lemma compassI:
  assumes atom: "\<And>x y. x < y \<Longrightarrow> y < N \<Longrightarrow> is_atom phi (L (x, y))"
    and cons_A: "\<And>x y z. x < y \<Longrightarrow> y < z \<Longrightarrow> z < N \<Longrightarrow> leadsA phi (L (x, y)) (L (y, z))"
    and rows: "\<And>x. good_row phi x N (\<lambda>b. L (x, b))"
    and fulfil_A: "\<And>x y a. x < y \<Longrightarrow> y < N \<Longrightarrow> a \<in> Req phi RA (L (x, y)) \<Longrightarrow>
                     \<exists>z. y < z \<and> z < N \<and> a \<in> obs phi (L (y, z))"
  shows "compass phi N L"
  unfolding compass_def
proof (intro conjI ballI allI impI)
  fix p assume "p \<in> points N"
  then show "is_atom phi (L p)" using atom by (auto simp: points_def)
next
  fix p q assume "p \<in> points N" "q \<in> points N" "prel RA p q"
  then show "leadsA phi (L p) (L q)" using cons_A by (cases p, cases q) (simp add: points_def)
next
  fix p q assume "p \<in> points N" "q \<in> points N" "prel RB p q"
  then show "leadsB phi (L p) (L q)"
    using row_leadsB[OF rows] by (cases p, cases q) (simp add: points_def)
next
  fix p R a assume p: "p \<in> points N" and a: "a \<in> Req phi R (L p)"
  obtain x y where xy: "p = (x, y)" "x < y" "y < N" using p by (auto simp: points_def)
  show "\<exists>q\<in>points N. prel R p q \<and> a \<in> obs phi (L q)"
  proof (cases R)
    case RA
    then obtain z where "y < z" "z < N" "a \<in> obs phi (L (y, z))" using fulfil_A xy a by blast
    then show ?thesis using RA xy by (intro bexI[of _ "(y, z)"]) (auto simp: points_def)
  next
    case RB
    then obtain z where "x < z" "z < y" "a \<in> obs phi (L (x, z))"
      using row_fulfil_B[OF rows, of x y a] xy a by auto
    then show ?thesis using RB xy by (intro bexI[of _ "(x, z)"]) (auto simp: points_def)
  next
    case RBb
    then obtain z where "y < z" "z < N" "a \<in> obs phi (L (x, z))"
      using row_fulfil_Bb[OF rows, of x y a] xy a by auto
    then show ?thesis using RBb xy by (intro bexI[of _ "(x, z)"]) (auto simp: points_def)
  qed
qed
(* Fix a server $\mathrm{SP}_i$, a finite horizon $T$, a privacy budget $\varepsilon>0$ and a positive integer $T_s$ (the maximum number of sampling timestamps). Let $S=(D_{i,1},\dots,D_{i,T})$ be the finite stream of crowd-sourced databases held by $\mathrm{SP}_i$, and let $f$ be an aggregate function with sensitivity $\Delta f$ (with respect to adding/removing/changing one user's record in a single database $D_{i,t}$). The algorithm DPCrowd, run at $\mathrm{SP}_i$ as described in the context, satisfies user-level $\varepsilon$-differential privacy for the users registered at $\mathrm{SP}_i$ over the finite stream of length $T$: for every pair of streams $S,S'$ that differ only in the records of a single user (at any subset of the $T$ timestamps) and for every measurable set $O$ of possible output sequences, $$\Pr[\mathrm{DPCrowd}(S)\in O]\le e^{\varepsilon}\Pr[\mathrm{DPCrowd}(S')\in O].$$
   Context: Setting: $m$ servers in a decentralized (time-varying) communication network; server $\mathrm{SP}_i$ holds at each timestamp $t$ a database $D_{i,t}$ with one row per user registered at $\mathrm{SP}_i$ at time $t$ (each row is a 0/1 vector over $d$ regions with at most one 1), and computes the aggregate $x_i(t)=f(D_{i,t})$ (e.g. the number of its users in a given region, for which $\Delta f=1$). The sensitivity is $\Delta f=\max\|f(D)-f(D')\|_1$ over databases $D,D'$ differing in one record. $\mathrm{Lap}(b)$ denotes the zero-mean Laplace distribution with density $\frac{1}{2b}e^{-|v|/b}$. Algorithm DPCrowd at $\mathrm{SP}_i$: for $t=1,\dots,T$, compute $x_i(t)=f(D_{i,t})$. If $t$ is a sampling point (the sampling decision is made by an adaptive rule that depends only on quantities the algorithm previously released/computed from noisy values) and fewer than $T_s$ sampling points have been used so far, then release $z_i(t)=x_i(t)+\upsilon_i(t)$ with fresh independent noise $\upsilon_i(t)\sim\mathrm{Lap}(\Delta f\cdot T_s/\varepsilon)$, increment the sample counter, and compute from $z_i(t)$, the previous estimates, and messages received from one-hop neighboring servers (Kalman-consensus information filter prediction/update, message broadcast, and sampling-rate adjustment) the released estimate $r_i(t)$. Otherwise set $z_i(t)=r_i(t-1)$, broadcast nothing, and compute $r_i(t)$ from previous estimates and neighbors' messages via the filter update. Thus the only step accessing the true aggregates $x_i(t)$ is the Laplace perturbation at at most $T_s$ sampling timestamps; all other computations (including the outputs, which are the released estimates and broadcast messages) are functions of the noisy values and of information (neighbors' messages) not depending on $\mathrm{SP}_i$'s stream. User-level DP means neighboring streams differ in all events of one user. *)

theory Defs
  imports "HOL-Probability.Probability"
begin

text \<open>A database held by a server maps each user to its record (None = user not
registered at that time).  A database has finitely many registered users.\<close>

type_synonym ('u, 'r) db = "'u \<Rightarrow> 'r option"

[EXERCISE GOAL]:
Only the lines that contain the string "proof" should be copied from the entries above.

[SOLUTION]:
proof (intro conjI ballI allI impI)
  proof (cases R)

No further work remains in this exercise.